The only question posed for our consideration by this appeal from the judgment maintaining the exceptions of no cause or right of action is whether plaintiff, as an employee of the subcontractor, Foothill Electrical Corporation, has an action in tort against the defendant and its insurer.
In the case of Horrell v. Gulf & Valley Cotton Oil Co.,[4] we, inter alia, answered the question which is now posed for our consideration when we reasoned thus:
"In considering the question raised by this contention, we at once notice that it is not all work which the principal may require that the act prevents his contracting away without retention of compensation liability, but only such as is a part of his trade, business, or occupation, or which he may have contracted to perform for some one else.
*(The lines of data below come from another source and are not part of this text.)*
(* Let $\mathbf{L}=(L,\le)$ be a finite lattice with more than two elements and let $(R,\vee,\circ)$ be a subsemiring of $(\mathrm{Res}_1(\mathbf{L}),\vee,\circ)$ such that $f_{a,0}\in R$ for all $a\in L\setminus\{1\}$, every $f\in R$ satisfies $f_{a,0}\le f$ for some $a\in L\setminus\{1\}$, and for all $a\in L\setminus\{0,1\}$, $b\in L$ there exists $f\in R$ with $f(a)=b$. Then $(R,\vee)$ has a neutral element if and only if $1$ is join-irreducible in $\mathbf{L}$. If this neutral element exists, it is right but not left absorbing in $(R,\vee,\circ)$.
   Context: $\mathrm{Res}_1(\mathbf{L})$ is the set of maps $f:L\to L$ preserving binary joins with $f(0)=0$ and $f(1)=1$, a semiring under pointwise join and composition, ordered pointwise. $f_{a,b}(x)=b$ if $x\le a$ and $1$ otherwise. $1$ is join-irreducible if $1\ne a\vee b$ for all $a,b\in L\setminus\{1\}$. An element $r$ is right absorbing if $s\circ r=r$ for all $s\in R$, left absorbing if $r\circ s=r$ for all $s\in R$. *)

theory Defs
  imports Main
begin

definition Res1 :: "('a::bounded_lattice \<Rightarrow> 'a) set" where
  "Res1 = {f. (\<forall>x y. f (sup x y) = sup (f x) (f y)) \<and> f bot = bot \<and> f top = top}"

definition subsemiring_Res1 :: "('a::bounded_lattice \<Rightarrow> 'a) set \<Rightarrow> bool" where
  "subsemiring_Res1 R \<longleftrightarrow> R \<subseteq> Res1 \<and> R \<noteq> {} \<and>
     (\<forall>f\<in>R. \<forall>g\<in>R. (\<lambda>x. sup (f x) (g x)) \<in> R) \<and>
     (\<forall>f\<in>R. \<forall>g\<in>R. f \<circ> g \<in> R)"

definition fab :: "'a::bounded_lattice \<Rightarrow> 'a \<Rightarrow> 'a \<Rightarrow> 'a" where
  "fab a b = (\<lambda>x. if x \<le> a then b else top)"

definition top_join_irreducible :: "'a::bounded_lattice itself \<Rightarrow> bool" where
  "top_join_irreducible _ \<longleftrightarrow> (\<forall>a b::'a. a \<noteq> top \<longrightarrow> b \<noteq> top \<longrightarrow> sup a b \<noteq> top)"

definition join_neutral :: "('a::bounded_lattice \<Rightarrow> 'a) set \<Rightarrow> ('a \<Rightarrow> 'a) \<Rightarrow> bool" where
  "join_neutral R e \<longleftrightarrow> e \<in> R \<and> (\<forall>f\<in>R. (\<lambda>x. sup (e x) (f x)) = f)"

definition right_absorbing :: "('a \<Rightarrow> 'a) set \<Rightarrow> ('a \<Rightarrow> 'a) \<Rightarrow> bool" where
  "right_absorbing R r \<longleftrightarrow> (\<forall>s\<in>R. s \<circ> r = r)"

definition left_absorbing :: "('a \<Rightarrow> 'a) set \<Rightarrow> ('a \<Rightarrow> 'a) \<Rightarrow> bool" where
  "left_absorbing R r \<longleftrightarrow> (\<forall>s\<in>R. r \<circ> s = r)"

end

theory Submission
  imports Defs
begin

text \<open>A join-neutral element lies below every f_{a,0}, so it must be the map sending top to
  top and everything else to bot. This map preserves binary joins exactly when top is
  join-irreducible, and in a finite lattice it is then f_{m,0} for the unique coatom m.
  Since every map in Res_1 fixes bot and top, it is right absorbing; it is not left
  absorbing because some element of R sends a non-top element to top.\<close>

definition top_indicator :: "'a::bounded_lattice \<Rightarrow> 'a" where
  "top_indicator x = (if x = top then top else bot)"

lemma Res1_bot: "f \<in> Res1 \<Longrightarrow> f bot = bot"
  and Res1_top: "f \<in> Res1 \<Longrightarrow> f top = top"
  and Res1_sup: "f \<in> Res1 \<Longrightarrow> f (sup x y) = sup (f x) (f y)"
  unfolding Res1_def by auto

lemma subsemiring_Res1_subset: "subsemiring_Res1 R \<Longrightarrow> R \<subseteq> Res1"
  unfolding subsemiring_Res1_def by blast

lemma card_gt_2_ex_proper:
  assumes "card (UNIV :: 'a::{finite, bounded_lattice} set) > 2"
  shows "\<exists>a::'a. a \<noteq> bot \<and> a \<noteq> top"
proof (rule ccontr)
  assume "\<not> ?thesis"
  then have "card (UNIV::'a set) \<le> card {bot, top::'a}" by (intro card_mono) auto
  also have "\<dots> \<le> 2" by (simp add: card_insert_le_m1)
  finally show False using assms by simp
qed

lemma top_indicator_mem_Res1_iff:
  "top_indicator \<in> (Res1 :: ('a::bounded_lattice \<Rightarrow> 'a) set) \<longleftrightarrow> top_join_irreducible TYPE('a)"
proof
  assume ind: "top_indicator \<in> (Res1 :: ('a \<Rightarrow> 'a) set)"
  show "top_join_irreducible TYPE('a)"
    unfolding top_join_irreducible_def
  proof (intro allI impI notI)
    fix a b :: 'a
    assume "a \<noteq> top" "b \<noteq> top" "sup a b = top"
    then have "top_indicator (sup a b) \<noteq> sup (top_indicator a) (top_indicator b)"
      by (auto simp: top_indicator_def bot_unique)
    then show False using Res1_sup[OF ind] by blast
  qed
next
  assume "top_join_irreducible TYPE('a)"
  then have "top_indicator (sup x y) = sup (top_indicator x) (top_indicator y)" for x y :: 'a
    unfolding top_join_irreducible_def top_indicator_def by auto
  moreover have "top_indicator bot = (bot::'a)" "top_indicator top = (top::'a)"
    unfolding top_indicator_def by (auto simp: bot_unique)
  ultimately show "top_indicator \<in> (Res1 :: ('a \<Rightarrow> 'a) set)" unfolding Res1_def by simp
qed

lemma join_neutral_eq_top_indicator:
  assumes "R \<subseteq> Res1" "\<forall>a. a \<noteq> top \<longrightarrow> fab a bot \<in> R" "join_neutral R e"
  shows "e = top_indicator"
proof
  fix x
  show "e x = top_indicator x"
  proof (cases "x = top")
    case True
    have "e \<in> Res1" using assms(1,3) unfolding join_neutral_def by blast
    then show ?thesis using True by (simp add: Res1_top top_indicator_def)
  next
    case False
    then have "fab x bot \<in> R" using assms(2) by blast
    then have "(\<lambda>y. sup (e y) (fab x bot y)) = fab x bot"
      using assms(3) unfolding join_neutral_def by blast
    then have "sup (e x) (fab x bot x) = fab x bot x" by metis
    then show ?thesis using False by (simp add: fab_def top_indicator_def)
  qed
qed

lemma top_indicator_join_neutral:
  assumes "R \<subseteq> Res1" "top_indicator \<in> R"
  shows "join_neutral R top_indicator"
  using assms Res1_top unfolding join_neutral_def top_indicator_def by fastforce

lemma top_join_irreducible_ex_coatom:
  assumes "top_join_irreducible TYPE('a::{finite, bounded_lattice})" "(bot::'a) \<noteq> top"
  shows "\<exists>m::'a. \<forall>x. x \<le> m \<longleftrightarrow> x \<noteq> top"
proof -
  obtain m :: 'a where m: "m \<noteq> top" and maximal: "\<And>b. b \<noteq> top \<Longrightarrow> m \<le> b \<Longrightarrow> m = b"
    using finite_has_maximal[of "{x::'a. x \<noteq> top}"] assms(2) by auto
  have "x \<le> m" if "x \<noteq> top" for x
  proof -
    have "sup x m \<noteq> top" using assms(1) that m unfolding top_join_irreducible_def by blast
    then show ?thesis using maximal[of "sup x m"] by (metis sup.cobounded1 sup.cobounded2)
  qed
  then show ?thesis using m top_le by blast
qed

lemma fab_bot_eq_top_indicator:
  assumes "\<forall>x. x \<le> m \<longleftrightarrow> x \<noteq> top"
  shows "fab m bot = top_indicator"
proof
  fix x
  have "x \<le> m \<longleftrightarrow> x \<noteq> top" using assms ..
  then show "fab m bot x = top_indicator x" unfolding fab_def top_indicator_def by simp
qed

lemma top_indicator_right_absorbing: "R \<subseteq> Res1 \<Longrightarrow> right_absorbing R top_indicator"
  unfolding right_absorbing_def top_indicator_def using Res1_bot Res1_top by fastforce

lemma top_indicator_not_left_absorbing:
  assumes "s \<in> R" "s a = top" "a \<noteq> top"
  shows "\<not> left_absorbing R top_indicator"
proof
  assume "left_absorbing R top_indicator"
  then have "top_indicator (s a) = top_indicator a"
    using assms(1) unfolding left_absorbing_def by (metis comp_apply)
  then have "(bot::'a) = top" using assms(2,3) by (simp add: top_indicator_def)
  then have "a \<le> bot" by simp
  then have "a = bot" by (rule le_bot)
  with assms(3) \<open>bot = top\<close> show False by simp
qed

lemma top_indicator_mem_iff:
  fixes R :: "('a::{finite, bounded_lattice} \<Rightarrow> 'a) set"
  assumes "R \<subseteq> Res1" "\<forall>a. a \<noteq> top \<longrightarrow> fab a bot \<in> R" "(bot::'a) \<noteq> top"
  shows "top_indicator \<in> R \<longleftrightarrow> top_join_irreducible TYPE('a)"
proof
  assume "top_indicator \<in> R"
  then have "top_indicator \<in> (Res1 :: ('a \<Rightarrow> 'a) set)" using assms(1) by (rule subsetD[rotated])
  then show "top_join_irreducible TYPE('a)" by (simp only: top_indicator_mem_Res1_iff)
next
  assume "top_join_irreducible TYPE('a)"
  then obtain m :: 'a where m: "\<forall>x. x \<le> m \<longleftrightarrow> x \<noteq> top"
    using assms(3) top_join_irreducible_ex_coatom by blast
  then have "m \<le> m \<longleftrightarrow> m \<noteq> top" ..
  then have "fab m bot \<in> R" using assms(2) by simp
  moreover have "fab m bot = top_indicator" using m by (rule fab_bot_eq_top_indicator)
  ultimately show "top_indicator \<in> R" by simp
qed

lemma join_neutral_iff:
  fixes R :: "('a::{finite, bounded_lattice} \<Rightarrow> 'a) set"
  assumes "R \<subseteq> Res1" "\<forall>a. a \<noteq> top \<longrightarrow> fab a bot \<in> R" "(bot::'a) \<noteq> top"
  shows "join_neutral R e \<longleftrightarrow> e = top_indicator \<and> top_join_irreducible TYPE('a)"
proof
  assume e: "join_neutral R e"
  then have "e = top_indicator" by (rule join_neutral_eq_top_indicator[OF assms(1,2)])
  moreover have "e \<in> R" using e unfolding join_neutral_def by blast
  ultimately show "e = top_indicator \<and> top_join_irreducible TYPE('a)"
    using top_indicator_mem_iff[OF assms] by blast
next
  assume "e = top_indicator \<and> top_join_irreducible TYPE('a)"
  then show "join_neutral R e"
    using top_indicator_mem_iff[OF assms] top_indicator_join_neutral[OF assms(1)] by blast
qed

theorem proposition7p1:
  fixes R :: "('a::{finite, bounded_lattice} \<Rightarrow> 'a) set"
  assumes "card (UNIV :: 'a set) > 2"
    and "subsemiring_Res1 R"
    and "\<forall>a. a \<noteq> top \<longrightarrow> fab a bot \<in> R"
    and "\<forall>f\<in>R. \<exists>a. a \<noteq> top \<and> fab a bot \<le> f"
    and "\<forall>a b. a \<noteq> bot \<and> a \<noteq> top \<longrightarrow> (\<exists>f\<in>R. f a = b)"
  shows "((\<exists>e. join_neutral R e) \<longleftrightarrow> top_join_irreducible TYPE('a)) \<and>
         (\<forall>e. join_neutral R e \<longrightarrow> right_absorbing R e \<and> \<not> left_absorbing R e)"
proof -
  have R: "R \<subseteq> Res1" using assms(2) by (rule subsemiring_Res1_subset)
  obtain a0 :: 'a where a0: "a0 \<noteq> bot" "a0 \<noteq> top" using card_gt_2_ex_proper[OF assms(1)] by blast
  have bot_ne_top: "(bot::'a) \<noteq> top"
  proof
    assume "(bot::'a) = top"
    then have "a0 \<le> bot" by simp
    then have "a0 = bot" by (rule le_bot)
    with a0(1) show False ..
  qed
  note neutral_iff = join_neutral_iff[OF R assms(3) bot_ne_top]
  obtain s where "s \<in> R" "s a0 = top" using assms(5) a0 by blast
  then have "\<not> left_absorbing R top_indicator"
    using a0(2) by (rule top_indicator_not_left_absorbing)
  then show ?thesis
    using neutral_iff top_indicator_right_absorbing[OF R] by simp
qed

end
*744 "It is, we believe, quite plain that a manufacturing concern upon organization, may contract with an independent contractor for the erection of its factory building without retaining liability under the Compensation Act to employees of the independent contractor who undertakes the construction. It is no part of the trade, business, or occupation of the manufacturing concern to erect its factory building. Its business is to operate it after its erection.
"On the other hand, it is clear that, after the factory is completed and is in operation, the principal may not employ an independent contractor to undertake any part of the business of operating the factory and thus escape liability in compensation to the employees actually engaged in carrying out the work undertaken by the independent contractor. For instance, if defendant here had employed Horrell to furnish the necessary labor to operate the boilers, it is quite evident that Horrell's employees would, under the provisions of section 6 of the act, be entitled to look to defendant for compensation in the event of injury. We thus see that, if the original construction work is not a part of the business of the principal, that work may be contracted away, whereas the operation of the factory after construction is completed, being a part of the business of the principal, may not be so contracted away without the retention of the compensation liability.